In January 1865, Gee was replaced by Gen. Bradley Johnson. On February 22, all prisoners not too sick or weak to move, left the prison for a general prisoner exchange. The column of more than 2,800 prisoners began a 51-mile march to Greensboro, North Carolina. Of the over than 2,800 prisoners that left, only 1,800 made it to Greensboro. Over 200 were left at Lexington and 500 were abandoned along the road the following day. All together, nearly 1,000 prisoners fell by the wayside, too weak to continue, or died along the way.
In the following days, more groups of prisoners continued to leave the prison in a similar manner until 5,149 prisoners were evacuated. When they arrived at Greensboro, they were sent by train to Wilmington, where they were allowed to enter Union lines on March 2. By the end of March, only 500 prisoners were left at the prison.
When the Union army arrived at the prison on April 12, they found that the prison was being used as a storage depot by the Confederate army. When the Union army finally left Salisbury, the compound was set on fire.
LIFE & CONDITIONS:
Conditions were good until late 1863. Food and room were plentiful, and the prisoners even formed baseball teams. Reasonable rations, decent water supply, and good sanatation werte other good conditions that the prisoners cherished. Women from the local towns were allowed to work in the prison and sometimes even brought homecooked meals to the prisoners.
The conditions at the prison had remained fairly stable up into 1864. The prison population reached to over 10,321 by the end of 1864. The prisoners were seperated by rank at the prison. The officers were kept on the eastern side, where most of the buildings were, and the enlisted were placed into the western side. With the growing prison crisis and increasing prison populations, the conditions at all of the prisons went down hill fast. Conditions became so bad in 1864 that the Confederate War department sent an additional 1,500 guards to help control the prison. Confederate and Union prisoners were in a continuing feud that led to many gang fights. There were also numerous escape attempts made during this time. A lack of shelter caused a lot of fights. Nearly 50% of the prisoners did not have any shelter.

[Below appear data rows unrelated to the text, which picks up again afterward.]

lemma ext_L_in_Lext:
  assumes "(\<Sum>\<rho>\<in>rays r nn. real_of_int (l \<rho>) *\<^sub>R rv v \<rho>) = 0"
  shows "ext_L r nn l \<in> Lext r nn v"
proof -
  let ?L = "ext_L r nn l"
  have "(\<Sum>j\<le>nn i. ?L (i, j)) = 0" if "i < r" for i
  proof -
    have "(\<Sum>j\<in>{1..nn i}. ?L (i, j)) = (\<Sum>j\<in>{1..nn i}. l (i, j))"
      using that by (intro sum.cong) (auto simp: rays_def)
    moreover have "?L (i, 0) = - (\<Sum>j\<in>{1..nn i}. l (i, j))"
      using that by (simp add: ext_L_def rays_def Jset_def)
    ultimately show ?thesis
      by (simp add: sum_atMost_split_zero)
  qed
  moreover have "(\<Sum>\<rho>\<in>rays r nn. real_of_int (?L \<rho>) *\<^sub>R rv v \<rho>) = 0"
    using assms by simp
  moreover have "\<forall>x. x \<notin> Jset r nn \<longrightarrow> ?L x = 0"
    using rays_subset_Jset by (auto simp: ext_L_def)
  ultimately show ?thesis
    unfolding Lext_def by blast
qed

section \<open>Primitive relations\<close>

lemma primitive_relation_sum:
  fixes g :: "nat \<times> nat \<Rightarrow> 'b::real_vector"
  assumes P: "P \<subseteq> rays r nn" and \<sigma>: "\<sigma> \<subseteq> rays r nn"
    and l: "l = (\<lambda>\<rho>. (if \<rho> \<in> P then 1 else 0) - (if \<rho> \<in> \<sigma> then c \<rho> else 0))"
  shows "(\<Sum>\<rho>\<in>rays r nn. real_of_int (l \<rho>) *\<^sub>R g \<rho>)
           = (\<Sum>\<rho>\<in>P. g \<rho>) - (\<Sum>\<rho>\<in>\<sigma>. real_of_int (c \<rho>) *\<^sub>R g \<rho>)"
proof -
  have "(\<Sum>\<rho>\<in>rays r nn. real_of_int (l \<rho>) *\<^sub>R g \<rho>)
      = (\<Sum>\<rho>\<in>rays r nn. if \<rho> \<in> P then g \<rho> else 0)
        - (\<Sum>\<rho>\<in>rays r nn. if \<rho> \<in> \<sigma> then real_of_int (c \<rho>) *\<^sub>R g \<rho> else 0)"
    unfolding sum_subtractf[symmetric] l by (rule sum.cong) (auto simp: scaleR_left_diff_distrib)
  also have "\<dots> = (\<Sum>\<rho>\<in>P. g \<rho>) - (\<Sum>\<rho>\<in>\<sigma>. real_of_int (c \<rho>) *\<^sub>R g \<rho>)"
    using P \<sigma> by (simp add: sum.inter_restrict[symmetric] Int_absorb1)
  finally show ?thesis .
qed

lemma primitive_relation_in_nef_dual:
  assumes f: "smooth_complete_fan r nn v S"
    and P: "primitive_collection r nn S P" and l: "primitive_relation v S P l"
  shows "ext_L r nn l \<in> nef_dual_Lext r nn v S" and "ext_L r nn l \<noteq> (\<lambda>_. 0)"
proof -
  obtain \<sigma> c where s: "\<sigma> \<in> S"
    and eq: "(\<Sum>\<rho>\<in>P. rv v \<rho>) = (\<Sum>\<rho>\<in>\<sigma>. real_of_int (c \<rho>) *\<^sub>R rv v \<rho>)"
    and ld: "l = (\<lambda>\<rho>. (if \<rho> \<in> P then 1 else 0) - (if \<rho> \<in> \<sigma> then c \<rho> else 0))"
    using l unfolding primitive_relation_def by blast
  have \<sigma>R: "\<sigma> \<subseteq> rays r nn"
    using smooth_complete_fan_subset_rays[OF f s] .
  have PR: "P \<subseteq> rays r nn" and PS: "P \<notin> S"
    using P by (auto simp: primitive_collection_def)
  note pairing = primitive_relation_sum[OF PR \<sigma>R ld]
  have "ext_L r nn l \<in> Lext r nn v"
    by (rule ext_L_in_Lext) (simp add: pairing eq)
  moreover have "0 \<le> (\<Sum>\<rho>\<in>rays r nn. real_of_int (ext_L r nn l \<rho>) * a \<rho>)"
    if "nef_div r nn v S a" for a
    using pairing[where g = a] nef_div_convex[OF f that s PR eq] by simp
  ultimately show "ext_L r nn l \<in> nef_dual_Lext r nn v S"
    unfolding nef_dual_Lext_def by blast
  from PS obtain \<rho> where "\<rho> \<in> P" "\<rho> \<notin> \<sigma>"
    using smooth_complete_fan_subset_closed[OF f s] by blast
  with PR have "ext_L r nn l \<rho> = 1"
    by (auto simp: ld)
  then show "ext_L r nn l \<noteq> (\<lambda>_. 0)"
    by (metis zero_neq_one)
qed

text \<open>The ray generators of a cone of a smooth fan form part of a lattice basis, so the
  coefficients of the lattice point \<open>\<Sum>\<^sub>P \<rho>\<close> in the cone containing it are integers.\<close>
lemma primitive_relation_exists:
  assumes f: "smooth_complete_fan r nn v S" and P: "primitive_collection r nn S P"
  obtains l where "primitive_relation v S P l"
proof -
  let ?w = "\<Sum>\<rho>\<in>P. rv v \<rho>"
  have "?w \<in> (\<Union>\<sigma>\<in>S. coneS v \<sigma>)"
    using f by (simp add: smooth_complete_fan_def)
  then obtain \<sigma>0 c where s0: "\<sigma>0 \<in> S" and cnn: "\<forall>\<rho>\<in>\<sigma>0. 0 \<le> c \<rho>"
    and weq0: "?w = (\<Sum>\<rho>\<in>\<sigma>0. c \<rho> *\<^sub>R rv v \<rho>)"
    unfolding coneS_def by blast
  define \<sigma> where "\<sigma> = {\<rho>\<in>\<sigma>0. c \<rho> \<noteq> 0}"
  have s: "\<sigma> \<in> S"
    by (rule smooth_complete_fan_subset_closed[OF f s0]) (auto simp: \<sigma>_def)
  have "finite \<sigma>0"
    using smooth_complete_fan_subset_rays[OF f s0] finite_rays by (rule finite_subset)
  then have weq: "(\<Sum>\<rho>\<in>\<sigma>. c \<rho> *\<^sub>R rv v \<rho>) = ?w"
    unfolding weq0 \<sigma>_def by (rule sum.mono_neutral_left) auto
  define ci where "ci \<rho> = \<lfloor>c \<rho>\<rfloor>" for \<rho>
  have ci: "real_of_int (ci \<rho>) = c \<rho>" if "\<rho> \<in> \<sigma>" for \<rho>
  proof -
    have "c \<rho> \<in> \<int>"
      using smooth_complete_fan_unimodular[OF f s] weq _ that
      by (rule unimodular_cone_coeff_Ints) (simp add: rv_def Ints_sum)
    then show ?thesis
      unfolding ci_def by (metis Ints_cases floor_of_int)
  qed
  have "0 < ci \<rho>" if "\<rho> \<in> \<sigma>" for \<rho>
    using cnn ci[OF that] that by (force simp: \<sigma>_def)
  moreover have "?w = (\<Sum>\<rho>\<in>\<sigma>. real_of_int (ci \<rho>) *\<^sub>R rv v \<rho>)"
    using weq ci by (metis (no_types, lifting) sum.cong)
  ultimately have "primitive_relation v S P
      (\<lambda>\<rho>. (if \<rho> \<in> P then 1 else 0) - (if \<rho> \<in> \<sigma> then ci \<rho> else 0))"
    unfolding primitive_relation_def using s by blast
  then show ?thesis ..
qed

lemma nef_dual_Lext_zero_index_nonpos:
  assumes nefp: "nef_partition r nn v S" and L: "L \<in> nef_dual_Lext r nn v S" and i: "i < r"
  shows "L (i, 0) \<le> 0"
proof -
  have "nef_div r nn v S (\<lambda>\<rho>. if fst \<rho> = i then 1 else 0)"
    using nefp i unfolding nef_partition_def by blast
  then have ge: "0 \<le> (\<Sum>\<rho>\<in>rays r nn. real_of_int (L \<rho>) * (if fst \<rho> = i then 1 else 0))"
    using L unfolding nef_dual_Lext_def by blast
  have "(\<Sum>\<rho>\<in>rays r nn. real_of_int (L \<rho>) * (if fst \<rho> = i then 1 else 0))
      = (\<Sum>\<rho>\<in>rays r nn \<inter> Pair i ` {1..nn i}. real_of_int (L \<rho>))"
    by (simp add: sum.inter_restrict) (rule sum.cong; auto simp: rays_def)
  also have "\<dots> = (\<Sum>j\<in>{1..nn i}. real_of_int (L (i, j)))"
    using i by (intro sum.reindex_cong[where l = "Pair i"]) (auto simp: rays_def inj_on_def)
  finally have "0 \<le> (\<Sum>j\<in>{1..nn i}. L (i, j))"
    using ge by (simp only: of_int_sum[symmetric] of_int_0_le_iff)
  then show ?thesis
    using Lext_zero_index[of L r nn v i] L i unfolding nef_dual_Lext_def by simp
qed

section \<open>Zero loci\<close>

lemma zero_locus_I_prime_meets_primitive_collection:
  assumes f: "smooth_complete_fan r nn v S" and nefp: "nef_partition r nn v S"
    and \<alpha>: "\<alpha> \<in> zero_locus (Jset r nn) (I_prime r nn v S betaN betar)"
    and P: "primitive_collection r nn S P"
  shows "\<exists>\<rho>\<in>P. \<alpha> \<rho> = 0"
proof -
  obtain l where l: "primitive_relation v S P l"
    using primitive_relation_exists[OF f P] .
  let ?L = "ext_L r nn l"
  have "I_ell (Jset r nn) ?L \<in> I_prime r nn v S betaN betar"
    unfolding I_prime_def using P l by (blast intro: subsetD[OF ideal_gen_superset])
  then have "eval (I_ell (Jset r nn) ?L) \<alpha> = 0"
    using \<alpha> by (simp add: zero_locus_def)
  then obtain x k where x: "x \<in> Jset r nn" and k: "k < nat (?L x)" and \<alpha>x: "\<alpha> x = of_nat k"
    using eval_I_ell_eq_0_iff[OF finite_Jset] by blast
  have xR: "x \<in> rays r nn"
  proof (rule ccontr)
    assume "x \<notin> rays r nn"
    then obtain i where "i < r" "x = (i, 0)"
      using Jset_minus_rays[OF x] by blast
    then show False
      using nef_dual_Lext_zero_index_nonpos[OF nefp primitive_relation_in_nef_dual(1)[OF f P l]] k
      by fastforce
  qed
  obtain \<sigma> c where "\<forall>\<rho>\<in>\<sigma>. 0 < c \<rho>"
    and "l = (\<lambda>\<rho>. (if \<rho> \<in> P then 1 else 0) - (if \<rho> \<in> \<sigma> then c \<rho> else 0))"
    using l unfolding primitive_relation_def by blast
  \<comment> \<open>the only positive entries of \<open>l\<close> are ones, so \<open>k = 0\<close>\<close>
  with k xR have "x \<in> P" and "k = 0"
    by (auto split: if_splits)
  then show ?thesis
    using \<alpha>x by auto
qed

lemma nonzero_support_in_fan:
  assumes "\<forall>P. primitive_collection r nn S P \<longrightarrow> (\<exists>\<rho>\<in>P. \<alpha> \<rho> = 0)"
  shows "{\<rho>\<in>rays r nn. \<alpha> \<rho> \<noteq> 0} \<in> S"
proof (rule ccontr)
  let ?U = "{\<rho>\<in>rays r nn. \<alpha> \<rho> \<noteq> 0}"
  let ?F = "{Q. Q \<subseteq> ?U \<and> Q \<notin> S}"
  assume "?U \<notin> S"
  then have U: "?U \<in> ?F" by blast
  have "finite ?F"
    by (rule finite_subset[of _ "Pow ?U"]) auto
  then obtain Q where Q: "Q \<in> ?F" and min: "\<forall>Q'\<in>?F. Q' \<le> Q \<longrightarrow> Q = Q'"
    using finite_has_minimal2[OF _ U] by blast
  have "primitive_collection r nn S Q"
    unfolding primitive_collection_def
  proof (intro conjI allI impI)
    fix Q' assume "Q' \<subset> Q"
    then show "Q' \<in> S"
      using Q min by blast
  qed (use Q in blast)+
  then show False
    using assms Q by blast
qed

lemma Lext_eq_zero:
  assumes L: "L \<in> Lext r nn v" and rays: "\<forall>\<rho>\<in>rays r nn. L \<rho> = 0"
  shows "L = (\<lambda>_. 0)"
proof
  fix x
  show "L x = 0"
  proof (cases "x \<in> Jset r nn - rays r nn")
    case True
    then obtain i where i: "i < r" "x = (i, 0)"
      using Jset_minus_rays by blast
    have "(\<Sum>j\<in>{1..nn i}. L (i, j)) = 0"
      using i rays by (intro sum.neutral) (auto simp: rays_def)
    then show ?thesis
      using Lext_zero_index[OF L i(1)] i(2) by simp
  next
    case False
    then show ?thesis
      using L rays unfolding Lext_def by blast
  qed
qed

text \<open>Strict convexity of the support function of an ample divisor.\<close>
lemma nef_dual_Lext_vanishes_off_max_cone:
  fixes v :: "nat \<Rightarrow> nat \<Rightarrow> int^'n"
  assumes amp: "ample_div r nn v S a" and mc: "max_cone S \<sigma>"
    and L: "L \<in> nef_dual_Lext r nn v S" and nonpos: "\<forall>\<rho>\<in>rays r nn - \<sigma>. L \<rho> \<le> 0"
  shows "\<forall>\<rho>\<in>rays r nn - \<sigma>. L \<rho> = 0"
proof -
  let ?R = "rays r nn"
  obtain m :: "real^'n" where on: "\<forall>\<rho>\<in>\<sigma>. m \<bullet> rv v \<rho> = - a \<rho>"
    and off: "\<forall>\<rho>\<in>?R - \<sigma>. a \<rho> + m \<bullet> rv v \<rho> > 0"
    using amp mc unfolding ample_div_def by force
  define g where "g \<rho> = real_of_int (L \<rho>) * (a \<rho> + m \<bullet> rv v \<rho>)" for \<rho>
  have "(\<Sum>\<rho>\<in>?R. real_of_int (L \<rho>) * (m \<bullet> rv v \<rho>)) = m \<bullet> (\<Sum>\<rho>\<in>?R. real_of_int (L \<rho>) *\<^sub>R rv v \<rho>)"
    by (simp add: inner_sum_right)
  also have "\<dots> = 0"
    using L unfolding nef_dual_Lext_def Lext_def by simp
  finally have "sum g ?R = (\<Sum>\<rho>\<in>?R. real_of_int (L \<rho>) * a \<rho>)"
    by (simp add: g_def distrib_left sum.distrib)
  also have "\<dots> \<ge> 0"
    using L ample_div_imp_nef_div[OF amp] unfolding nef_dual_Lext_def by blast
  finally have "0 \<le> sum g ?R" .
  moreover have "\<forall>\<rho>\<in>?R. g \<rho> \<le> 0"
  proof
    fix \<rho> assume "\<rho> \<in> ?R"
    show "g \<rho> \<le> 0"
    proof (cases "\<rho> \<in> \<sigma>")
      case False
      with \<open>\<rho> \<in> ?R\<close> have "\<rho> \<in> ?R - \<sigma>" by blast
      then have "real_of_int (L \<rho>) \<le> 0" and "0 \<le> a \<rho> + m \<bullet> rv v \<rho>"
        using off nonpos by (simp_all add: less_imp_le)
      then show ?thesis
        unfolding g_def by (rule mult_nonpos_nonneg)
    qed (simp add: g_def on)
  qed
  ultimately have g0: "\<forall>\<rho>\<in>?R. - g \<rho> = 0"
    using sum_nonneg_eq_0_iff[of ?R "\<lambda>\<rho>. - g \<rho>"] sum_nonpos[of ?R g] by (simp add: sum_negf)
  show ?thesis
  proof
    fix \<rho> assume \<rho>: "\<rho> \<in> ?R - \<sigma>"
    then have "g \<rho> = 0"
      using g0 by simp
    with bspec[OF off \<rho>] show "L \<rho> = 0"
      by (simp add: g_def)
  qed
qed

Those without a shelter often burrowed into the ground for protection. before long, the entire compound was honey-combed with holes. A lack of medical supplies added to the pandimonium inside the prison.

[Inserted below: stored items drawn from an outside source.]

definition simple_graph :: "'a set \<Rightarrow> ('a \<Rightarrow> 'a \<Rightarrow> bool) \<Rightarrow> bool" where
  "simple_graph V E \<longleftrightarrow> finite V \<and> (\<forall>x y. E x y \<longrightarrow> x \<in> V \<and> y \<in> V) \<and>
     (\<forall>x y. E x y \<longrightarrow> E y x) \<and> (\<forall>x. \<not> E x x)"

definition cubic :: "'a set \<Rightarrow> ('a \<Rightarrow> 'a \<Rightarrow> bool) \<Rightarrow> bool" where
  "cubic V E \<longleftrightarrow> (\<forall>v\<in>V. card {u\<in>V. E v u} = 3)"

definition is_cycle :: "'a set \<Rightarrow> ('a \<Rightarrow> 'a \<Rightarrow> bool) \<Rightarrow> 'a list \<Rightarrow> bool" where
  "is_cycle V E cs \<longleftrightarrow> length cs \<ge> 3 \<and> distinct cs \<and> set cs \<subseteq> V \<and>
     (\<forall>i < length cs. E (cs ! i) (cs ! ((i + 1) mod length cs)))"

definition girth_at_least :: "'a set \<Rightarrow> ('a \<Rightarrow> 'a \<Rightarrow> bool) \<Rightarrow> nat \<Rightarrow> bool" where
  "girth_at_least V E g \<longleftrightarrow> (\<forall>cs. is_cycle V E cs \<longrightarrow> length cs \<ge> g)"

definition independent :: "'a set \<Rightarrow> ('a \<Rightarrow> 'a \<Rightarrow> bool) \<Rightarrow> 'a set \<Rightarrow> bool" where
  "independent V E S \<longleftrightarrow> S \<subseteq> V \<and> (\<forall>x\<in>S. \<forall>y\<in>S. \<not> E x y)"

definition alpha :: "'a set \<Rightarrow> ('a \<Rightarrow> 'a \<Rightarrow> bool) \<Rightarrow> nat" where
  "alpha V E = Max {card S | S. independent V E S}"

definition deg_in :: "('a \<Rightarrow> 'a \<Rightarrow> bool) \<Rightarrow> 'a set \<Rightarrow> 'a \<Rightarrow> nat" where
  "deg_in E S v = card {u\<in>S. E v u}"

definition AI_set :: "'a set \<Rightarrow> ('a \<Rightarrow> 'a \<Rightarrow> bool) \<Rightarrow> 'a set \<Rightarrow> bool" where
  "AI_set V E A \<longleftrightarrow> A \<subseteq> V \<and> (\<forall>v\<in>A. deg_in E A v \<le> 1)"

Supplies for the prison became unattainable due to war shortages. This made the prisoners to intensely suffer from hunger. Within a short time, the wells that supplied the water became contaminated and typhoid broke out at the prison. The prisoners began dying at an alarming rate, sometimes up to 75 men a day. The dead bodies were placed in a "deadhouse" each morning. They stayed there until the bodies could be buried later on. A wagon would take a load of bodies to a nearby cornfield, where the bodies were put in a huge pit. The pit measured 6-feet wide, 4-feet deep, and 60-yards long. By February 1865, there would be 18 of these burial pits.
The food supply became almost nonexistent by the end of 1864. Rations were issued irregularly and usually consisted of Indian cornbread and a weak cowpea soup.